This project was done for the "Computer Science and Engineering Department" of IIT Bombay by Anand Vishwanathan, Krishnakumar Nair, Javed Ansari and Krishndas Bhat, Final Year students of B.E. (Electronics) at Fr. Conceicao Rodrigues College of Engineering under the guidance of Dr. S.S.S.P.Rao, Professor, VLSI Design Center.

The objective of the project was to develop a FPGA that will implement all the functions of a Network Interface Controller. This Controller will eventually be built on a print server card for Ethernet Local Area Network. The print server card will be dedicated to a self-contained unit having all the required hardware and software features required to implement CSMA/CD (Carrier Sense Multiple Access with Collision Detection) Protocol completely. It will also allow users to share the printer without any additional hardware backup such as the use of a file server. It will have sufficient on board buffer RAM to receive the packets. It should be able to provide data to the printer as and when required.

fig: Hardware Print Server

fig. Interfacing of Hardware Print Server to LAN

The most important component of this project is the Network Controller. This project required us to use a generic Controller providing the very basic functions and eliminating the complex ones such as multicast addressing, etc. Further, once operational, one must be able to provide added features easily. For these reasons, we have designed our own controller using VHDL, i.e. VHSIC (Very High-Speed Integrated Circuit) Hardware Descriptive Language. It is a language that can be used to describe the behaviour, structure and implementation of electronic systems.

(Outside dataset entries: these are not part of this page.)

lemma usc_fun_cmult_indicator:
  fixes A :: "'a::t2_space set"
  assumes A: "compact A" and a: "a \<ge> 0"
  shows "usc_fun (\<lambda>x. a * indicator A x)"
  unfolding usc_fun_def
proof (intro conjI allI)
  show "0 \<le> a * indicator A x" for x using a by simp
  have "range (\<lambda>x. a * indicator A x) \<subseteq> {0, a}" by (auto simp: indicator_def)
  then show "bounded (range (\<lambda>x. a * indicator A x))" by (rule bounded_subset[rotated]) simp
  fix t :: real
  have "{x. a * indicator A x < t} = (if t \<le> 0 then {} else if t \<le> a then - A else UNIV)"
    using a by (auto simp: indicator_def)
  then show "open {x. a * indicator A x < t}"
    using A by (simp add: open_Compl compact_imp_closed)
next
  have "closure {x. a * indicator A x \<noteq> (0::real)} \<subseteq> A"
    using A by (intro closure_minimal) (auto simp: indicator_def compact_imp_closed)
  then show "compact (closure {x. a * indicator A x \<noteq> (0::real)})"
    using A by (metis closed_closure compact_Int_closed inf.absorb_iff2)
qed

lemma comonotone_nested_indicators:
  assumes "A \<subseteq> B" "a \<ge> 0" "b \<ge> 0"
  shows "comonotone (\<lambda>x. a * indicator A x) (\<lambda>x. b * indicator B x :: real)"
  unfolding comonotone_def using assms by (auto simp: indicator_def)

lemma max_stable_random_sup_measure: "max_stable M X \<Longrightarrow> random_sup_measure M X"
  by (simp add: max_stable_def)

lemma max_stable_unit_frechet_SUP:
  fixes I :: "nat set"
  assumes "max_stable M X" "finite I" "\<And>i. i \<in> I \<Longrightarrow> compact (K i) \<and> u i \<ge> 0"
  shows "unit_frechet M (\<lambda>\<omega>. SUP i\<in>I. ennreal (u i) * X \<omega> (K i))"
  using assms unfolding max_stable_def by blast

lemma max_stable_sup_measure: "max_stable M X \<Longrightarrow> \<omega> \<in> space M \<Longrightarrow> sup_measure (X \<omega>)"
  by (rule random_sup_measure_sup_measure[OF max_stable_random_sup_measure])

lemma max_stable_ext_coeff:
  assumes "max_stable M X" "compact K"
  shows "unit_frechet_scale M (\<lambda>\<omega>. X \<omega> K) (ext_coeff M X K)"
proof -
  have "unit_frechet M (\<lambda>\<omega>. SUP i\<in>{0::nat}. ennreal 1 * X \<omega> K)"
    using max_stable_unit_frechet_SUP[OF assms(1), of "{0}" "\<lambda>_. K" "\<lambda>_. 1"] assms(2) by simp
  then have u: "unit_frechet_scale M (\<lambda>\<omega>. X \<omega> K) (frechet_scale M (\<lambda>\<omega>. X \<omega> K))"
    by (simp add: unit_frechet_scale_frechet_scale)
  have "ext_coeff M X K = frechet_scale M (\<lambda>\<omega>. X \<omega> K)"
    unfolding ext_coeff_def tail_dep_def
  proof (rule frechet_scale_eqI[OF u])
    fix \<omega> assume "\<omega> \<in> space M"
    with assms(1) have "sup_measure (X \<omega>)" by (rule max_stable_sup_measure)
    then show "extremal_integral (indicator K) (X \<omega>) = X \<omega> K"
      by (intro extremal_integral_indicator sup_measure_mono sup_measure_empty assms(2))
  qed
  then show ?thesis using u by simp
qed

lemma max_stable_tail_dep_cmult_indicator:
  assumes "max_stable M X" "compact A" "c > 0"
  shows "tail_dep M X (\<lambda>x. c * indicator A x) = c * ext_coeff M X A"
  unfolding tail_dep_def
proof (rule frechet_scale_eqI[OF unit_frechet_scale_cmult[OF assms(3) max_stable_ext_coeff[OF assms(1,2)]]])
  fix \<omega> assume "\<omega> \<in> space M"
  with assms(1) have "sup_measure (X \<omega>)" by (rule max_stable_sup_measure)
  then show "extremal_integral (\<lambda>x. c * indicator A x) (X \<omega>) = ennreal c * X \<omega> A"
    using assms(2,3)
    by (simp add: extremal_integral_cmult_indicator sup_measure_mono sup_measure_empty mult.commute)
qed

lemma max_stable_nested_step_scale:
  assumes "max_stable M X" "A \<subseteq> B" "compact A" "compact B" "a \<ge> 0" "b \<ge> 0"
  shows "unit_frechet_scale M (\<lambda>\<omega>. max (X \<omega> A * ennreal (a + b)) (X \<omega> B * ennreal b))
    (tail_dep M X (\<lambda>x. a * indicator A x + b * indicator B x))"
proof -
  define Z where "Z \<omega> = max (X \<omega> A * ennreal (a + b)) (X \<omega> B * ennreal b)" for \<omega>
  have "unit_frechet M (\<lambda>\<omega>. SUP i\<in>{0::nat, 1}. ennreal (if i = 0 then a + b else b)
      * X \<omega> (if i = 0 then A else B))"
    using assms by (intro max_stable_unit_frechet_SUP) simp_all
  then have uZ: "unit_frechet_scale M Z (frechet_scale M Z)"
    unfolding Z_def
    by (simp add: sup_max unit_frechet_scale_frechet_scale mult.commute del: ennreal_plus)
  have "frechet_scale M Z = tail_dep M X (\<lambda>x. a * indicator A x + b * indicator B x)"
    unfolding tail_dep_def
  proof (rule frechet_scale_eqI[OF uZ, symmetric])
    fix \<omega> assume "\<omega> \<in> space M"
    with assms(1) have "sup_measure (X \<omega>)" by (rule max_stable_sup_measure)
    then show "extremal_integral (\<lambda>x. a * indicator A x + b * indicator B x) (X \<omega>) = Z \<omega>"
      unfolding Z_def using assms(2-6)
      by (intro extremal_integral_nested_step sup_measure_mono sup_measure_empty)
  qed
  then show ?thesis using uZ unfolding Z_def by simp
qed

lemma CRSM_max_stable: "CRSM M X \<Longrightarrow> max_stable M X"
  by (simp add: CRSM_def)

lemma CRSM_tail_dep_add:
  "CRSM M X \<Longrightarrow> usc_fun f \<Longrightarrow> usc_fun g \<Longrightarrow> comonotone f g \<Longrightarrow>
    tail_dep M X (\<lambda>x. f x + g x) = tail_dep M X f + tail_dep M X g"
  by (simp add: CRSM_def)

lemma CRSM_tail_dep_nested_step:
  fixes X :: "'w \<Rightarrow> 'a::t2_space set \<Rightarrow> ennreal"
  assumes "CRSM M X" "A \<subseteq> B" "compact A" "compact B" "a > 0" "b > 0"
  shows "tail_dep M X (\<lambda>x. a * indicator A x + b * indicator B x)
    = a * ext_coeff M X A + b * ext_coeff M X B"
proof -
  have "tail_dep M X (\<lambda>x. a * indicator A x + b * indicator B x)
      = tail_dep M X (\<lambda>x. a * indicator A x) + tail_dep M X (\<lambda>x. b * indicator B x)"
    using assms
    by (intro CRSM_tail_dep_add usc_fun_cmult_indicator comonotone_nested_indicators) simp_all
  then show ?thesis
    using assms by (simp add: max_stable_tail_dep_cmult_indicator CRSM_max_stable)
qed

text \<open>Comonotone additivity enters the proof only through this joint law.\<close>

lemma CRSM_joint_cdf:
  fixes X :: "'w \<Rightarrow> 'a::t2_space set \<Rightarrow> ennreal"
  assumes crsm: "CRSM M X" and A: "compact A" and B: "compact B" and AB: "A \<subseteq> B"
    and rs: "0 < r" "r < s"
  shows "measure M {\<omega>\<in>space M. X \<omega> A \<le> ennreal r \<and> X \<omega> B \<le> ennreal s}
     = exp (- (ext_coeff M X A * (1/r - 1/s) + ext_coeff M X B / s))"
proof -
  define a where "a = 1/r - 1/s"
  define b where "b = 1/s"
  have a: "a > 0" and b: "b > 0" and ab: "a + b = 1 / r"
    using rs unfolding a_def b_def by (auto simp: field_simps)
  have "y * ennreal (a + b) \<le> 1 \<longleftrightarrow> y \<le> ennreal r" for y
    using ennreal_mult_le_iff_le_divide[of "a + b" 1 y] a b ab rs
    by (simp add: mult.commute del: ennreal_plus)
  moreover have "y * ennreal b \<le> 1 \<longleftrightarrow> y \<le> ennreal s" for y
    using ennreal_mult_le_iff_le_divide[of b 1 y] b rs unfolding b_def by (simp add: mult.commute)
  ultimately have "{\<omega>\<in>space M. X \<omega> A \<le> ennreal r \<and> X \<omega> B \<le> ennreal s}
      = {\<omega>\<in>space M. max (X \<omega> A * ennreal (a + b)) (X \<omega> B * ennreal b) \<le> ennreal 1}"
    by simp
  also have "measure M \<dots> = exp (- (a * ext_coeff M X A + b * ext_coeff M X B))"
    using unit_frechet_scale_cdf[OF max_stable_nested_step_scale[OF CRSM_max_stable[OF crsm]
        AB A B less_imp_le[OF a] less_imp_le[OF b]], of 1]
    by (simp add: CRSM_tail_dep_nested_step[OF crsm AB A B a b] del: ennreal_plus)
  finally show ?thesis unfolding a_def b_def by (simp add: mult.commute)
qed

lemma (in prob_space) prob_Collect_mono:
  assumes "\<And>\<omega>. \<omega> \<in> space M \<Longrightarrow> P \<omega> \<Longrightarrow> Q \<omega>" "{\<omega>\<in>space M. Q \<omega>} \<in> events"
  shows "prob {\<omega>\<in>space M. P \<omega>} \<le> prob {\<omega>\<in>space M. Q \<omega>}"
  using assms by (intro finite_measure_mono) auto

locale nested_frechet_pair = prob_space +
  fixes U W :: "'a \<Rightarrow> ennreal" and a b :: real
  assumes measurable_U [measurable]: "U \<in> borel_measurable M"
    and measurable_W [measurable]: "W \<in> borel_measurable M"
    and U_le_W: "\<omega> \<in> space M \<Longrightarrow> U \<omega> \<le> W \<omega>"
    and W_finite: "\<omega> \<in> space M \<Longrightarrow> W \<omega> < \<top>"
    and W_cdf: "0 < s \<Longrightarrow> prob {\<omega>\<in>space M. W \<omega> \<le> ennreal s} = exp (- b / s)"
    and joint_cdf: "0 < r \<Longrightarrow> r < s \<Longrightarrow>
      prob {\<omega>\<in>space M. U \<omega> \<le> ennreal r \<and> W \<omega> \<le> ennreal s} = exp (- (a * (1/r - 1/s) + b / s))"
begin

lemma scale_bounds: "0 \<le> a" "a \<le> b"
proof -
  have "prob {\<omega>\<in>space M. W \<omega> \<le> ennreal 1}
      \<le> prob {\<omega>\<in>space M. U \<omega> \<le> ennreal 1 \<and> W \<omega> \<le> ennreal 2}"
  proof (rule prob_Collect_mono)
    show "U \<omega> \<le> ennreal 1 \<and> W \<omega> \<le> ennreal 2" if "\<omega> \<in> space M" "W \<omega> \<le> ennreal 1" for \<omega>
      using that U_le_W order_trans ennreal_leI[of 1 2] by fastforce
  qed measurable
  then have "exp (- b) \<le> exp (- (a / 2 + b / 2))"
    using W_cdf[of 1] joint_cdf[of 1 2] by simp
  moreover have "prob {\<omega>\<in>space M. U \<omega> \<le> ennreal 1 \<and> W \<omega> \<le> ennreal 2}
      \<le> prob {\<omega>\<in>space M. W \<omega> \<le> ennreal 2}"
    by (rule prob_Collect_mono) auto
  then have "exp (- (a / 2 + b / 2)) \<le> exp (- b / 2)"
    using W_cdf[of 2] joint_cdf[of 1 2] by simp
  ultimately show "0 \<le> a" "a \<le> b" by simp_all
qed

text \<open>The increment \<open>exp(-b/s) - exp(-a(1/r - 1/s) - b/s)\<close> factors as
\<open>q (exp(-a/s) - exp(-a/r))\<close> with \<open>q = exp(-(b - a)/s) \<ge> exp(-(b - a)/\<epsilon>)\<close>.\<close>

lemma exp_cdf_grid_ineq:
  assumes "0 < r" "r \<le> s" "0 < \<epsilon>" "\<epsilon> \<le> s"
  shows "exp (- (b - a) / \<epsilon>) * exp (- a / s)
    \<le> exp (- (b - a) / \<epsilon>) * exp (- a / r) + (exp (- b / s) - exp (- (a * (1/r - 1/s) + b / s)))"
proof -
  define q where "q = exp (- (b - a) / s)"
  define c where "c = exp (- (b - a) / \<epsilon>)"
  have q1: "exp (- b / s) = q * exp (- a / s)"
    unfolding q_def exp_add[symmetric] using assms by (simp add: field_simps)
  have q2: "exp (- (a * (1/r - 1/s) + b / s)) = q * exp (- a / r)"
    unfolding q_def exp_add[symmetric] using assms by (simp add: field_simps)
  have "- (b - a) / \<epsilon> \<le> - (b - a) / s"
    using scale_bounds assms by (intro divide_left_mono_neg) auto
  then have "c \<le> q" unfolding q_def c_def by simp
  moreover have "a / s \<le> a / r" using scale_bounds assms by (intro divide_left_mono) auto
  then have "exp (- a / r) \<le> exp (- a / s)" by simp
  ultimately have "0 \<le> (q - c) * (exp (- a / s) - exp (- a / r))" by simp
  then show ?thesis unfolding q1 q2 c_def[symmetric] by (simp add: algebra_simps)
qed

Field Programmable Gate Arrays (FPGAs)

A generic description of an FPGA is a programmable device with an internal array of logic blocks, surrounded by a ring of programmable input/output blocks, connected together via programmable interconnect. The general diagram of a FPGA is shown below:

fig.: FPGA Architecture

The Design, after simulation will be implemented using FPGA (Field Programmable Gate Array) devices. These are pre-wired circuits that are programmed by the users (on the field and after chip fabrication) to perform the desired functions. Today, there are several FPGA vendors and their circuits vary widely in their programming technology and implementation style.

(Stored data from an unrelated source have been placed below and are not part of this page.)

definition self_dual_code :: "int \<Rightarrow> nat \<Rightarrow> (nat \<Rightarrow> int) set \<Rightarrow> bool" where
  "self_dual_code k N C \<longleftrightarrow> zk_code k N C \<and> C = zk_dual k N C"

definition code_gen :: "int \<Rightarrow> nat \<Rightarrow> nat \<Rightarrow> (nat \<Rightarrow> nat \<Rightarrow> int) \<Rightarrow> (nat \<Rightarrow> int) set" where
  "code_gen k n N G = {(\<lambda>j. if j < N then (\<Sum>r<n. u r * G r j) mod k else 0) | u. True}"

definition C_k :: "int \<Rightarrow> nat \<Rightarrow> (nat \<Rightarrow> nat \<Rightarrow> int) \<Rightarrow> (nat \<Rightarrow> int) set" where
  "C_k k n M = code_gen k n (2*n)
      (\<lambda>r j. if j < n then (if j = r then 1 else 0) else M r (j - n))"

definition constrA :: "int \<Rightarrow> nat \<Rightarrow> (nat \<Rightarrow> int) set \<Rightarrow> (nat \<Rightarrow> real) set" where
  "constrA k N C = {x. \<exists>c\<in>C. \<exists>z::nat \<Rightarrow> int. (\<forall>i\<ge>N. z i = 0) \<and>
      x = (\<lambda>i. (of_int (c i) + of_int k * of_int (z i)) / sqrt (of_int k))}"

definition vinner :: "nat \<Rightarrow> (nat \<Rightarrow> real) \<Rightarrow> (nat \<Rightarrow> real) \<Rightarrow> real" where
  "vinner N x y = (\<Sum>i<N. x i * y i)"

definition lattice_dual :: "nat \<Rightarrow> (nat \<Rightarrow> real) set \<Rightarrow> (nat \<Rightarrow> real) set" where
  "lattice_dual N L = {x. (\<forall>i\<ge>N. x i = 0) \<and> (\<forall>y\<in>L. vinner N x y \<in> \<int>)}"

definition unimodular :: "nat \<Rightarrow> (nat \<Rightarrow> real) set \<Rightarrow> bool" where
  "unimodular N L \<longleftrightarrow> L = lattice_dual N L"

definition is_frame :: "nat \<Rightarrow> (nat \<Rightarrow> real) set \<Rightarrow> real \<Rightarrow> (nat \<Rightarrow> nat \<Rightarrow> real) \<Rightarrow> bool" where
  "is_frame N L t f \<longleftrightarrow> (\<forall>i<N. f i \<in> L) \<and>
      (\<forall>i<N. \<forall>j<N. vinner N (f i) (f j) = (if i = j then t else 0))"

definition F_mat :: "int \<Rightarrow> nat \<Rightarrow> (nat \<Rightarrow> nat \<Rightarrow> int) \<Rightarrow> int \<Rightarrow> int \<Rightarrow> int \<Rightarrow> int
    \<Rightarrow> nat \<Rightarrow> nat \<Rightarrow> real" where
  "F_mat k n M a b c d i j =
     (let dl = (\<lambda>p q. if p = q then 1 else 0 :: int);
          e = (if i < n \<and> j < n then a * dl i j + b * M i j
               else if i < n \<and> n \<le> j \<and> j < 2*n then c * dl i (j-n) + d * M i (j-n)
               else if n \<le> i \<and> i < 2*n \<and> j < n then - c * dl (i-n) j + d * M (i-n) j
               else if n \<le> i \<and> i < 2*n \<and> n \<le> j \<and> j < 2*n
                    then a * dl (i-n) (j-n) - b * M (i-n) (j-n)
               else 0)
      in of_int e / sqrt (of_int k))"

end

theory Submission
  imports Defs "HOL-Number_Theory.Cong"
begin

The FPGA has three major configurable elements: configurable logic blocks (CLBs), input/output blocks, and interconnects. The CLBs provide the functional elements for constructing user's logic. The IOBs provide the interface between the package pins and internal signal lines. The programmable interconnect resources provide routing paths to connect the inputs and outputs of the CLBs and IOBs onto the appropriate networks. Customized configuration is established by programming internal static memory cells that determine the logic functions and internal connections implemented in the FPGA.

The following steps are involved in the designing of FPGAs:

1. Design Entry
2. Design Implementation – Mapping
3. Design Verification – Simulation
4. FPGA Configuration – Run

VHDL is a Hardware Descriptive Language used in the Design Entry Stage. For this project, we used the Xilinx Foundation Series software for the Design and Verification of our design.

The Network Interface Controller

The Network Interface Controller is designed to ease interfacing with the Ethernet. The NIC in our project supports the IEEE 802.3 protocol. It has the following features:

• Compatible with IEEE 802.3
• Interface with a microprocessor
• Includes:

• Built in DMA Controller
• Two separate Buffers to store incoming and outgoing Packets
• Retransmission of the frame on collision
• 32bit-Cyclic Redundancy Code generation and checking
• Compatibility with Serial Network Interface.

The NIC implements CSMA/CD access method. Carrier Sense Multiple Access with Collision Detect. Its Functions includes preamble stripping, Source address generation, Destination address Checking, CRC generation and checking short frame detection. Any data rate up to 10Mbps can be used. It automatically manages memory structures for storage of the frames. On chip DMA controller manages two channels transparently to the user. Buffers containing collided frames can be automatically recovered. The NIC can be configured for 8-bit data path. Memory address space is 512k. It provides two independent 1536-byte buffers, one for transmission and the other for reception.

We have designed this NIC using VHDL. We have followed a structural approach in the design. Hence, the chip has been divided into a number of behavioural components.

The components have a hierarchical level as shown below.

fig: Hierarchy of the NIC

Applications / Scope of this project

This project has tremendous applications. These are listed below:

·         As the project is implemented using VHDL, any further modifications to the design or additional features can be incorporated easily by modifying the code and reconfiguring the FPGA.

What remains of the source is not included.